Kulturförderung, Zürcher Filmstiftung, Beitragsberechtigung und Betriebsbeiträge, Neufestsetzung 2024-2027

Rubrum

Auszug aus dem Protokoll des Regierungsrates des Kantons Zürich Sitzung vom 25. Januar 2023

90. Kulturförderung, Zürcher Filmstiftung (Beitragsberechtigung und Betriebsbeiträge; Neufestsetzung 2024–2027)

Erwägungen

1. Die Finanzierung der Kulturförderung speist sich aus zwei Quellen: den Staatsmitteln und den Kulturfondsmitteln (vgl. Postulat KR- Nr. 248/2015 betreffend Finanzielle Neuregelung der Kulturförderung, Vorlage 5530). Im Grundsatz sollen die Betriebsbeiträge an die grossen Kulturinstitutionen und die Kulturprogramme der Gemeinden aus Staatsmitteln (Leistungsgruppe Nr. 2234), die übrigen Betriebsbeiträge sowie Projektbeiträge und Investitionsvorhaben hingegen aus Kulturfondsmitteln finanziert werden (Leistungsgruppe Nr. 2934). Vollständig umsetzen lässt sich dieses Zweisäulenmodell aber erst nach einer Aufstockung der budgetierten Staatsmittel nach 2024. In der Periode 2024 bis 2027 können darum noch nicht alle Betriebsbeiträge an die grossen Kulturinstitutionen aus Staatsmitteln finanziert werden (Konsolidierter Entwicklungs- und Finanzplan [KEF] 2023–2026). Für die Übergangsphase 2022 und 2023 bleiben die Betriebsbeiträge der meisten Kulturinstitutionen unverändert. Für die Periode 2024 bis 2027 erfolgt eine Neufestsetzung. Die Fachstelle Kultur hat in Zusammenarbeit mit den für den Fachbereich spezialisierten Mitgliedern der kantonalen Kulturförderungskommission und einzelnen externen Expertinnen und Experten eine breite Auslegeordnung vorgenommen und die Tätigkeiten der Kulturinstitutionen vertieft geprüft und neu beurteilt.

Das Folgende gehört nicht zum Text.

(* Let $G$ be a discrete group, $\mathfrak g$ a finite string of elements of $G$, $\mathcal E$ a finite partition of $G$, and $\ell=|Con(\mathfrak g,\mathcal E)|$. Suppose $(B-A)X=0$ is a normal subsystem of $Eq(\mathfrak g,\mathcal E)$ consisting of $p$ equations (so $A,B$ are $p\times\ell$ $(0,1)$-matrices with rows $A_t,B_t$), and suppose that $\sum_{t=1}^p(B_t-A_t)=(1,1,\dots,1)$, i.e. $\alpha_C=1$ for every configuration $C$, where $(\alpha_C)_{C}=\sum_t(B_t-A_t)$. Then the Tarski number satisfies $\tau(G)\le(\ell-1)(2^p-1)$.
   Context: Configurations: for $\mathfrak g=(g_1,\dots,g_n)$ and a partition $\mathcal E=\{E_1,\dots,E_m\}$ of $G$, a configuration is $C=(c_0,\dots,c_n)\in\{1,\dots,m\}^{n+1}$ such that some $x\in G$ has $x\in E_{c_0}$ and $g_ix\in E_{c_i}$ ($1\le i\le n$); $Con(\mathfrak g,\mathcal E)$ is the set of configurations. The configuration equations $Eq(\mathfrak g,\mathcal E)$: variables $f_C$, equations $\sum_{C:\,c_j=i}f_C=\sum_{C:\,c_k=i}f_C$ for $1\le i\le m$, $0\le j,k\le n$, each written $aX=bX$ with $a,b\in\{0,1\}^\ell$ indicator vectors. A subsystem is a finite list (repetitions allowed, sides may be interchanged) of these equations $A_tX=B_tX$, written $(B-A)X=0$. Normality: with $\sum_t(B_t-A_t)$ strictly positive, $T$ the $p\times p$ lower triangular all-ones matrix, and for a permutation matrix $P$ with rows $P_1,\dots,P_p$, $P^+$ the matrix with rows $P_2,\dots,P_p,P_1$, the system is normal if for some permutation matrix $P$ all entries of $TP(B-A)-P^+A$ are integers $\ge-1$. Tarski number: a complete paradoxical decomposition of $G$ is a partition $\{A_1,\dots,A_r,B_1,\dots,B_s\}$ of $G$ together with $a_i,b_j\in G$ such that $\{a_iA_i\}_{i=1}^r$ and $\{b_jB_j\}_{j=1}^s$ are each partitions of $G$; $\tau(G)$ is the minimum of $r+s$ over all such decompositions ($\infty$ if none exists). *)

theory Defs
  imports "HOL-Algebra.Group" "HOL-Algebra.Coset" "HOL-Library.Extended_Nat"
begin

definition is_partition :: "('a, 'b) monoid_scheme \<Rightarrow> 'i set \<Rightarrow> ('i \<Rightarrow> 'a set) \<Rightarrow> bool" where
  "is_partition G I F \<longleftrightarrow>
     (\<forall>i\<in>I. F i \<noteq> {} \<and> F i \<subseteq> carrier G) \<and>
     (\<forall>i\<in>I. \<forall>j\<in>I. i \<noteq> j \<longrightarrow> F i \<inter> F j = {}) \<and>
     (\<Union>i\<in>I. F i) = carrier G"

text \<open>Configurations of the string gs = (g_1,...,g_n) w.r.t. the partition E_0,...,E_{m-1}
  (block labels are 0-based; C ! 0 plays the role of c_0).\<close>
definition configurations ::
  "('a, 'b) monoid_scheme \<Rightarrow> 'a list \<Rightarrow> nat \<Rightarrow> (nat \<Rightarrow> 'a set) \<Rightarrow> nat list set" where
  "configurations G gs m E =
     {C. length C = Suc (length gs) \<and> (\<forall>c\<in>set C. c < m) \<and>
         (\<exists>x\<in>carrier G. x \<in> E (C ! 0) \<and>
            (\<forall>i<length gs. gs ! i \<otimes>\<^bsub>G\<^esub> x \<in> E (C ! Suc i)))}"

text \<open>A subsystem of the configuration equations is a list of triples (i,j,k), standing for
  the equation  sum_{C: c_j = i} f_C = sum_{C: c_k = i} f_C, i.e. a X = b X with
  a = indicator of {C. c_j = i} and b = indicator of {C. c_k = i}.\<close>
definition eqA :: "(nat \<times> nat \<times> nat) list \<Rightarrow> nat \<Rightarrow> nat list \<Rightarrow> int" where
  "eqA eqs t C = (case eqs ! t of (i, j, k) \<Rightarrow> if C ! j = i then 1 else 0)"

definition eqB :: "(nat \<times> nat \<times> nat) list \<Rightarrow> nat \<Rightarrow> nat list \<Rightarrow> int" where
  "eqB eqs t C = (case eqs ! t of (i, j, k) \<Rightarrow> if C ! k = i then 1 else 0)"

text \<open>A permutation matrix P is given by a bijection \<sigma> of {0..<p}: row r of P is e_{\<sigma> r},
  so row r of P M is row \<sigma> r of M. T (lower triangular all ones) gives
  (T N)_r = sum_{s \<le> r} N_s, and P^+ has rows P_2,...,P_p,P_1, so
  (P^+ A)_r = A_{\<sigma>((r+1) mod p)}.\<close>
definition normal_system ::
  "nat \<Rightarrow> 'c set \<Rightarrow> (nat \<Rightarrow> 'c \<Rightarrow> int) \<Rightarrow> (nat \<Rightarrow> 'c \<Rightarrow> int) \<Rightarrow> bool" where
  "normal_system p Con A B \<longleftrightarrow>
     (\<forall>C\<in>Con. (\<Sum>t<p. B t C - A t C) > 0) \<and>
     (\<exists>\<sigma>. bij_betw \<sigma> {..<p} {..<p} \<and>
        (\<forall>r<p. \<forall>C\<in>Con.
           (\<Sum>s\<le>r. B (\<sigma> s) C - A (\<sigma> s) C) - A (\<sigma> (Suc r mod p)) C \<ge> -1))"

Dabei hat sie einerseits die kulturpolitische Bedeutung der Kulturinstitutionen und den Ausbau des Angebots seit der letzten Erhöhung des kantonalen Beitrags berücksichtigt. Anderseits hat sie ähnliche Kulturinstitutionen miteinander verglichen. Ein besonderes Gewicht hat die Fachstelle auf die Umsetzung der vom Regierungsrat festgelegten Schwerpunkte Teilhabe (Diversität und Vermittlung) und Kreation (faire Gagen an externe Kulturschaffende) gelegt (RRB Nr. 165/2015). Die aus Staatsmitteln finanzierten Betriebsbeiträge an Kulturinstitutionen richten sich nach § 2 des Kulturförderungsgesetzes (KFG, LS 440.1), wonach der Kanton an öffentliche und private Organisationen des kulturellen Lebens Subventionen bis zur Hälfte der anrechenbaren Defizite gewähren kann. Diese Subventionen gelten als gebundene Ausgaben (§ 3 Abs. 2 lit. a Staatsbeitragsgesetz [LS 132.2]).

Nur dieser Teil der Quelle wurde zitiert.